In the second pass, you draw the applications commands in opposite order.
and so, when you draw a pixel:
if it's invalid, it's skipped.
if it's valid, it's rendered and then tested for transparency:
if transparent AND not last on the list, stored for future blending.
if opaque OR last on the list, blended with all previously stored transparent pixels, written to the frame buffer and then, all the following drawings listed for that pixel are marked invalid.
 
During Pass One evaluation of depth complexity occurs, but no pixels are actually rendered to the destination or Z-buffers. During Pass Two final processing to the destination and Z-buffers is optimized to occur with minimal reads.

So the first pass does not write to the Z-buffer(s)...

They say that
Deferred Two-Pass rendering virtually eliminates opaque (redundant) back-to-front overdraw and saves precious conventional Z-write traffic.
.

Could the first pass simply be a front to back sort?

The wording isn't very consistent and it doesn't sound like 100% of overdraw is eliminated.
 
psurge said:
Could the first pass simply be a front to back sort?

The problem is that I cannot see how this could be done without the use of Z storage (buffer). For a sort you still have to check nearly very damn pixel's Z-value against the others pixels Z-values - both the pixels that have been checked ready at that time and those how are about to be checked for that specific frame. (There are optimizations like those ATI and Nvidia are doing on coarse Z-reject, but you get my point).

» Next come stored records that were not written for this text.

lemma mult_dual_vertex: "(\<chi> i. f i) *v dual_vertex x = (\<chi> i. dual_pairing x (f i))"
proof -
  have "\<exists>!z. (\<chi> i. f i) *v z = (\<chi> i. dual_pairing x (f i))"
    using cramer[OF det_vertices_nonzero] by auto
  then show ?thesis
    unfolding dual_vertex_def by (rule theI')
qed

lemma inner_dual_vertex_f: "dual_vertex x \<bullet> f i = dual_pairing x (f i)"
  using arg_cong[OF mult_dual_vertex, of "\<lambda>v. v $ i"]
  by (simp add: matrix_vector_mul_component inner_commute)

lemma inner_dual_vertex:
  assumes "x \<in> V" "y \<in> V"
  shows "dual_vertex x \<bullet> y = dual_pairing x y"
  using assms(2)
proof (cases rule: V_cases)
  case 1
  have "(\<Sum>y\<in>V. \<mu> y * dual_pairing x y) = 0"
    using sum_dual_pairing[OF assms(1), of \<mu>] sum_mu mu_pos[OF assms(1)]
    by (simp add: dual_pairing_commute)
  then have "(\<Sum>k\<in>UNIV. \<mu> (f k) * dual_pairing x (f k)) = - \<mu> w * dual_pairing x w"
    using sum_V[of "\<lambda>y. \<mu> y * dual_pairing x y"] by simp
  moreover have "dual_vertex x \<bullet> w = dual_vertex x \<bullet> (\<Sum>k\<in>UNIV. (- (\<mu> (f k) / \<mu> w)) *\<^sub>R f k)"
    using w_as_lincomb by (rule arg_cong)
  then have "dual_vertex x \<bullet> w = (\<Sum>k\<in>UNIV. - (\<mu> (f k) / \<mu> w) * dual_pairing x (f k))"
    by (simp add: inner_sum_right inner_dual_vertex_f)
  ultimately show ?thesis
    using 1 mu_w_pos by (simp add: sum_divide_distrib[symmetric] sum_negf)
qed (simp add: inner_dual_vertex_f)
(* Let $d\ge1$, $A,B\in\mathbb R^{d\times d}$ with $BB^*$ invertible, and define for $u,v\in[0,1]$ $$C_0(u,v)=e^{uA}\Bigl(\int_0^{u\wedge v}e^{-rA}BB^*e^{-rA^*}\,dr\Bigr)e^{vA^*}.$$ Let $L$ be the differential operator $L=(\partial_u+A^* )(BB^* )^{-1}(\partial_u-A)$ acting on $\mathbb R^d$-valued functions of $u$, and let $\mathcal L$ denote $L$ with domain $\mathcal D(\mathcal L)=\{f\in H^2([0,1],\mathbb R^d): f(0)=0,\ f'(1)=Af(1)\}$. Then $C_0$ is the Green's function of $-\mathcal L$, that is, for each $v\in(0,1)$, $$L C_0(u,v)=-\delta(u-v)I$$ (as a distribution in $u$), and $$C_0(0,v)=0,\qquad \partial_uC_0(1,v)=A\,C_0(1,v)\qquad\text{for all }v\in(0,1).$$
   Context: $C_0$ is the covariance function of the solution of the SDE $dX=AX\,du+B\,dW$ on $[0,1]$ with $X(0)=0$, where $W$ is a standard $d$-dimensional Brownian motion. $\delta$ denotes the Dirac delta and $I$ the $d\times d$ identity matrix. *)

theory Defs
  imports "HOL-Analysis.Analysis"
begin

primrec matpow :: "real^'n^'n \<Rightarrow> nat \<Rightarrow> real^'n^'n" where
  "matpow M 0 = mat 1"
| "matpow M (Suc k) = M ** matpow M k"

definition mexp :: "real^'n^'n \<Rightarrow> real^'n^'n" where
  "mexp M = (\<Sum>k. scaleR (1 / fact k) (matpow M k))"

definition C0 :: "real^'n^'n \<Rightarrow> real^'n^'n \<Rightarrow> real \<Rightarrow> real \<Rightarrow> real^'n^'n" where
  "C0 A B u v =
     mexp (scaleR u A) **
     integral {0..min u v}
       (\<lambda>r. mexp (-(scaleR r A)) ** (B ** transpose B) ** mexp (-(scaleR r (transpose A))))
     ** mexp (scaleR v (transpose A))"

Dunno what the hell they're talking about to be honest.
 
The people who wrote up the text for the website probably don't know what the hell they're talking about either, which is why I find it amusing that everyone is spending so much time and energy trying to decrypt it. :)
 
LeStoffer,

somewhat OT: I don't understand how to generate an accurate (useable) coarse z-pyramid without generating a z-buffer down to the target render resolution. (For visible triangles, you have to propagate the modifications to the lowest level of the z-pyramid upwards - or am I missing something?).

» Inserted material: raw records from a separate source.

lemma coeffs_decay_cauchy_product:
  assumes "coeffs_decay a" "coeffs_decay b"
  shows "coeffs_decay (cauchy_product a b)"
  unfolding coeffs_decay_def
proof (intro allI impI)
  fix r e :: real assume r: "r > 0" and e: "e > 0"
  obtain N1 N2 where N: "\<forall>i j. (i \<ge> N1 \<or> j \<ge> N2) \<longrightarrow> (v (a i) * r ^ i) * (v (b j) * r ^ j) < e"
    using coeff_products_small[OF assms r e] by blast
  have "v (cauchy_product a b n) * r ^ n < e" if "n \<ge> N1 + N2" for n
  proof -
    have rn: "r ^ n > 0" using r by simp
    have "v (cauchy_product a b n) < e / r ^ n" unfolding cauchy_product_def
    proof (rule v_sum_lt)
      fix i assume i: "i \<in> {..n}"
      have "v (a i * b (n - i)) * r ^ n = (v (a i) * r ^ i) * (v (b (n - i)) * r ^ (n - i))"
        using i by (simp add: v_mult power_add[symmetric] algebra_simps)
      also have "\<dots> < e" using N that by (intro N[rule_format]) linarith
      finally show "v (a i * b (n - i)) < e / r ^ n" using rn by (simp add: field_simps)
    qed (use e rn in auto)
    thus ?thesis using rn by (simp add: field_simps)
  qed
  thus "\<exists>N. \<forall>k\<ge>N. v (cauchy_product a b k) * r ^ k < e" by blast
qed

lemma partial_sum_cauchy_product: "partial_sum (cauchy_product a b) z n = (\<Sum>(i,j)\<in>{(i,j). i+j < n}. (a i * z ^ i) * (b j * z ^ j))"
proof -
  have "partial_sum (cauchy_product a b) z n = (\<Sum>k<n. \<Sum>i\<le>k. (a i * z ^ i) * (b (k - i) * z ^ (k - i)))"
    unfolding partial_sum_def cauchy_product_def sum_distrib_right
    by (intro sum.cong refl) (auto simp: power_add[symmetric] algebra_simps)
  also have "\<dots> = (\<Sum>(i,j)\<in>{(i,j). i+j < n}. (a i * z ^ i) * (b j * z ^ j))"
    by (rule sum.triangle_reindex[symmetric])
  finally show ?thesis .
qed

lemma partial_sum_mult: "partial_sum a z n * partial_sum b z n = (\<Sum>(i,j)\<in>{..<n}\<times>{..<n}. (a i * z ^ i) * (b j * z ^ j))"
  unfolding partial_sum_def sum_product sum.cartesian_product by simp

lemma partial_sum_cauchy_product_diff:
  assumes va: "coeffs_decay a" and vb: "coeffs_decay b"
  shows "v_tendsto v (\<lambda>n. partial_sum (cauchy_product a b) z n - partial_sum a z n * partial_sum b z n) 0"
  unfolding v_tendsto_iff
proof (intro allI impI)
  define r where "r = v z + 1"
  have r: "r > 0" "v z \<le> r" unfolding r_def using v_nonneg[of z] by linarith+
  fix e :: real assume e: "e > 0"
  obtain N1 N2 where N: "\<forall>i j. (i \<ge> N1 \<or> j \<ge> N2) \<longrightarrow> (v (a i) * r ^ i) * (v (b j) * r ^ j) < e"
    using coeff_products_small[OF va vb r(1) e] by blast
  have "v (partial_sum (cauchy_product a b) z n - partial_sum a z n * partial_sum b z n - 0) < e" if n: "n \<ge> N1 + N2" for n
  proof -
    define T where "T = {(i,j). i + j < n}"
    define Q where "Q = {..<n} \<times> {..<n}"
    have TQ: "T \<subseteq> Q" "finite Q" unfolding T_def Q_def by auto
    define h where "h = (\<lambda>(i,j). (a i * z ^ i) * (b j * z ^ j))"
    have "partial_sum (cauchy_product a b) z n - partial_sum a z n * partial_sum b z n = sum h T - sum h Q"
      unfolding partial_sum_cauchy_product partial_sum_mult T_def Q_def h_def by simp
    also have "\<dots> = - sum h (Q - T)" using sum.subset_diff[OF TQ, of h] by simp
    finally have eq: "partial_sum (cauchy_product a b) z n - partial_sum a z n * partial_sum b z n = - sum h (Q - T)" .
    have "v (sum h (Q - T)) < e"
    proof (rule v_sum_lt)
      fix p assume p: "p \<in> Q - T"
      obtain i j where ij: "p = (i, j)" by fastforce
      have "i + j \<ge> n" using p ij unfolding T_def by auto
      hence "i \<ge> N1 \<or> j \<ge> N2" using n by linarith
      hence lt: "(v (a i) * r ^ i) * (v (b j) * r ^ j) < e" using N by blast
      have "v (h p) = (v (a i) * v z ^ i) * (v (b j) * v z ^ j)"
        unfolding ij h_def by (simp add: v_mult v_power)
      also have "\<dots> \<le> (v (a i) * r ^ i) * (v (b j) * r ^ j)"
        using r by (intro mult_mono mult_left_mono power_mono) auto
      finally show "v (h p) < e" using lt by linarith
    qed (use TQ e in auto)
    thus ?thesis using eq by simp
  qed
  thus "\<exists>N. \<forall>n\<ge>N. v (partial_sum (cauchy_product a b) z n - partial_sum a z n * partial_sum b z n - 0) < e" by blast
qed

lemma has_series_mult:
  assumes "has_series a f" "has_series b g"
  shows "has_series (cauchy_product a b) (\<lambda>z. f z * g z)"
  unfolding has_series_def
proof
  fix z
  have "v_tendsto v (\<lambda>n. partial_sum a z n * partial_sum b z n) (f z * g z)"
    using assms unfolding has_series_def by (auto intro: v_tendsto_mult)
  from v_tendsto_add[OF partial_sum_cauchy_product_diff[where z = z, OF has_series_coeffs_decay[OF assms(1)]
      has_series_coeffs_decay[OF assms(2)]] this]
  show "v_tendsto v (partial_sum (cauchy_product a b) z) (f z * g z)" by simp
qed

lemma entire_const[simp, intro]: "entire v (\<lambda>z. c)"
  unfolding entire_iff_has_series using has_series_const by blast

lemma entire_add[intro]: "entire v f \<Longrightarrow> entire v g \<Longrightarrow> entire v (\<lambda>z. f z + g z)"
  unfolding entire_iff_has_series using has_series_add by blast

lemma entire_mult[intro]: "entire v f \<Longrightarrow> entire v g \<Longrightarrow> entire v (\<lambda>z. f z * g z)"
  unfolding entire_iff_has_series using has_series_mult by blast

lemma entire_cmult[intro]: "entire v f \<Longrightarrow> entire v (\<lambda>z. c * f z)"
  unfolding entire_iff_has_series using has_series_cmult by blast

lemma entire_uminus[intro]: "entire v f \<Longrightarrow> entire v (\<lambda>z. - f z)"
  using entire_cmult[of f "-1"] by simp

lemma entire_diff[intro]: "entire v f \<Longrightarrow> entire v g \<Longrightarrow> entire v (\<lambda>z. f z - g z)"
  using entire_add[of f "\<lambda>z. - g z"] entire_uminus[of g] by simp

lemma entire_sum[intro]: "(\<And>i. i \<in> S \<Longrightarrow> entire v (f i)) \<Longrightarrow> entire v (\<lambda>z. \<Sum>i\<in>S. f i z)"
  by (induction S rule: infinite_finite_induct) auto

lemma entire_prod[intro]: "(\<And>i. i \<in> S \<Longrightarrow> entire v (f i)) \<Longrightarrow> entire v (\<lambda>z. \<Prod>i\<in>S. f i z)"
  by (induction S rule: infinite_finite_induct) auto

lemma entire_power[intro]: "entire v f \<Longrightarrow> entire v (\<lambda>z. f z ^ n)"
  by (induction n) auto

definition max_term :: "real \<Rightarrow> (nat \<Rightarrow> 'a) \<Rightarrow> real" where
  "max_term r a = (SUP k. v (a k) * r ^ k)"

lemma max_term_bdd: "coeffs_decay a \<Longrightarrow> r > 0 \<Longrightarrow> bdd_above (range (\<lambda>k. v (a k) * r ^ k))"
  using coeffs_decay_bounded by (auto simp: bdd_above_def) blast

lemma max_term_ge: "coeffs_decay a \<Longrightarrow> r > 0 \<Longrightarrow> v (a k) * r ^ k \<le> max_term r a"
  unfolding max_term_def by (rule cSUP_upper[OF _ max_term_bdd]) auto

lemma max_term_le: "(\<And>k. v (a k) * r ^ k \<le> B) \<Longrightarrow> max_term r a \<le> B"
  unfolding max_term_def by (rule cSUP_least) auto

lemma max_term_nonneg: "coeffs_decay a \<Longrightarrow> r > 0 \<Longrightarrow> 0 \<le> max_term r a"
  using max_term_ge[of a r 0] v_nonneg[of "a 0"] by (simp del: v_nonneg)

lemma max_term_attained: assumes "coeffs_decay a" "r > 0" shows "\<exists>k. max_term r a = v (a k) * r ^ k"
proof (cases "\<forall>k. a k = 0")
  case True
  have "max_term r a \<le> 0" by (rule max_term_le) (use True in auto)
  hence "max_term r a = v (a 0) * r ^ 0" using max_term_nonneg[OF assms] True by simp
  thus ?thesis by blast
next
  case False
  then obtain k0 where k0: "a k0 \<noteq> 0" by blast
  define m where "m = v (a k0) * r ^ k0"
  have m: "m > 0" unfolding m_def using k0 assms by simp
  obtain N where N: "\<forall>k\<ge>N. v (a k) * r ^ k < m" using assms m unfolding coeffs_decay_def by blast
  define N' where "N' = max N (Suc k0)"
  define M where "M = Max ((\<lambda>k. v (a k) * r ^ k) ` {..<N'})"
  have fin: "finite ((\<lambda>k. v (a k) * r ^ k) ` {..<N'})" "(\<lambda>k. v (a k) * r ^ k) ` {..<N'} \<noteq> {}"
    unfolding N'_def by (auto simp: lessThan_empty_iff)
  obtain k1 where k1: "k1 < N'" "M = v (a k1) * r ^ k1"
    using Max_in[OF fin] unfolding M_def by auto
  have mM: "m \<le> M" unfolding M_def m_def by (rule Max_ge[OF fin(1)]) (auto simp: N'_def)
  have "v (a k) * r ^ k \<le> M" for k
  proof (cases "k < N'")
    case True thus ?thesis unfolding M_def by (intro Max_ge[OF fin(1)]) auto
  next
    case False
    hence "k \<ge> N" unfolding N'_def by simp
    hence "v (a k) * r ^ k < m" using N by simp
    thus ?thesis using mM by linarith
  qed
  hence "max_term r a \<le> M" by (intro max_term_le)
  moreover have "M \<le> max_term r a" using k1 max_term_ge[OF assms] by simp
  ultimately show ?thesis using k1 by (intro exI[of _ k1]) simp
qed

lemma max_term_cauchy_product_le:
  assumes "coeffs_decay a" "coeffs_decay b" "r > 0"
  shows "max_term r (cauchy_product a b) \<le> max_term r a * max_term r b"
proof (rule max_term_le)
  fix n
  have rn: "r ^ n > 0" using assms by simp
  have "v (cauchy_product a b n) \<le> max_term r a * max_term r b / r ^ n" unfolding cauchy_product_def
  proof (rule v_sum_le)
    fix i assume i: "i \<in> {..n}"
    have "v (a i * b (n - i)) * r ^ n = (v (a i) * r ^ i) * (v (b (n - i)) * r ^ (n - i))"
      using i by (simp add: v_mult power_add[symmetric] algebra_simps)
    also have "\<dots> \<le> max_term r a * max_term r b"
      using max_term_ge[OF assms(1,3)] max_term_ge[OF assms(2,3)] max_term_nonneg[OF assms(1,3)] assms(3)
      by (intro mult_mono) auto
    finally show "v (a i * b (n - i)) \<le> max_term r a * max_term r b / r ^ n" using rn by (simp add: field_simps)
  qed (use max_term_nonneg[OF assms(1,3)] max_term_nonneg[OF assms(2,3)] rn in auto)
  thus "v (cauchy_product a b n) * r ^ n \<le> max_term r a * max_term r b" using rn by (simp add: field_simps)
qed

lemma max_term_cauchy_product:
  assumes "coeffs_decay a" "coeffs_decay b" "r > 0"
  shows "max_term r (cauchy_product a b) = max_term r a * max_term r b"
proof (cases "max_term r a = 0 \<or> max_term r b = 0")
  case True
  thus ?thesis using max_term_cauchy_product_le[OF assms] max_term_nonneg[OF coeffs_decay_cauchy_product[OF assms(1,2)] assms(3)] by auto
next
  case False
  let ?A = "max_term r a" and ?B = "max_term r b"
  have A: "?A > 0" and B: "?B > 0" using False max_term_nonneg[OF assms(1,3)] max_term_nonneg[OF assms(2,3)] by auto
  define i0 where "i0 = (LEAST i. ?A = v (a i) * r ^ i)"
  define j0 where "j0 = (LEAST j. ?B = v (b j) * r ^ j)"
  have i0: "?A = v (a i0) * r ^ i0" unfolding i0_def by (rule LeastI_ex[OF max_term_attained[OF assms(1,3)]])
  have j0: "?B = v (b j0) * r ^ j0" unfolding j0_def by (rule LeastI_ex[OF max_term_attained[OF assms(2,3)]])
  have i0l: "v (a i) * r ^ i < ?A" if "i < i0" for i
    using max_term_ge[OF assms(1,3), of i] not_less_Least[OF that[unfolded i0_def]] by fastforce
  have j0l: "v (b j) * r ^ j < ?B" if "j < j0" for j
    using max_term_ge[OF assms(2,3), of j] not_less_Least[OF that[unfolded j0_def]] by fastforce
  define n where "n = i0 + j0"
  have rn: "r ^ n > 0" using assms by simp
  have split: "cauchy_product a b n = a i0 * b j0 + (\<Sum>i\<in>{..n} - {i0}. a i * b (n - i))"
    unfolding cauchy_product_def by (subst sum.remove[of _ i0]) (auto simp: n_def)
  have main: "v (a i0 * b j0) * r ^ n = ?A * ?B"
    using i0 j0 by (simp add: v_mult n_def power_add algebra_simps)
  have "v (\<Sum>i\<in>{..n} - {i0}. a i * b (n - i)) < ?A * ?B / r ^ n"
  proof (rule v_sum_lt)
    fix i assume i: "i \<in> {..n} - {i0}"
    have eq: "v (a i * b (n - i)) * r ^ n = (v (a i) * r ^ i) * (v (b (n - i)) * r ^ (n - i))"
      using i by (simp add: v_mult power_add[symmetric] algebra_simps)
    have ai: "0 \<le> v (a i) * r ^ i" "v (a i) * r ^ i \<le> ?A" using max_term_ge[OF assms(1,3)] assms(3) by auto
    have bi: "0 \<le> v (b (n-i)) * r ^ (n-i)" "v (b (n-i)) * r ^ (n-i) \<le> ?B" using max_term_ge[OF assms(2,3)] assms(3) by auto
    have "(v (a i) * r ^ i) * (v (b (n - i)) * r ^ (n - i)) < ?A * ?B"
    proof (cases "i < i0")
      case True
      thus ?thesis using i0l[OF True] bi B ai(1) by (intro mult_less_of_less_le) auto
    next
      case False
      hence "n - i < j0" using i unfolding n_def by auto
      thus ?thesis using j0l ai A bi(1) by (intro mult_less_of_le_less) auto
    qed
    thus "v (a i * b (n - i)) < ?A * ?B / r ^ n" using eq rn by (simp add: field_simps)
  qed (use A B rn in auto)
  hence "r ^ n * v (\<Sum>i\<in>{..n} - {i0}. a i * b (n - i)) < r ^ n * v (a i0 * b j0)"
    using main rn by (simp add: field_simps)
  hence "v (\<Sum>i\<in>{..n} - {i0}. a i * b (n - i)) < v (a i0 * b j0)"
    using rn by (simp add: mult_less_cancel_left_pos)
  hence "v (cauchy_product a b n) = v (a i0 * b j0)"
    unfolding split by (rule v_add_dominant)
  hence "?A * ?B \<le> max_term r (cauchy_product a b)" using max_term_ge[OF coeffs_decay_cauchy_product[OF assms(1,2)] assms(3), of n] main by simp
  thus ?thesis using max_term_cauchy_product_le[OF assms] by linarith
qed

2. A sort could be something as simple as painters sort, not necessarily involving any coverage/visibility computations at all... but, more along the lines of what I was thinking: how about a primitive level sort?

Pass 1: For each primitive, record vertex shader/pixel shader ID. Process geometry such that a bounding box for the primitive is computed (perhaps screenspace x,y,z min/max). Reorder such that primitives are drawn in front-to-back order.

Pass 2: as normal. Generate HZ pyramid.

That has the same geomtry cost as a z-only first pass scheme, but does not require rasterization and much less memory than a full Z-buffer. In addition, you can use the bounding box info generated in pass1 for rejection of entire primitives (using the HZ buffer), so that you are not in fact duplicating all of the geomtry processing performed in pass 1.

What do you think?
Serge

EDIT: another speedup: in pass1, all vertex programs could be pruned of instructions not contributing to output vertex position.
 
there are problems with sorting 3D data in the Video Card.

1. it's a slow process whic doesn't fit a real time solution.
2. the application is already sending most of the data back to front so there's no reason to do it all over again.

if you want to correctly display transparency, you have to send data to the vid card back to front because if you draw foreground pixel 'a' and then background pixel 'b', 'b' won't be seen even if 'a' is completely transparent.

this is true due to the limitations of immediate mode rendering.

which causes early Z tests on immediate mode renderers to be too early, and thus not cull back to front.

all apps are designed to expect this and act accordingly.
which could cause visual artifacts on an accelerator that doesn't have this limitation, such as one that that sorts the draw commands.
 
couple comments.

- making the process of sorting a list of screen-space, axis aligned bounding boxes too slow for real time operation requires skill. Consider that there are far fewer primitives than triangles,vertices, and pixels.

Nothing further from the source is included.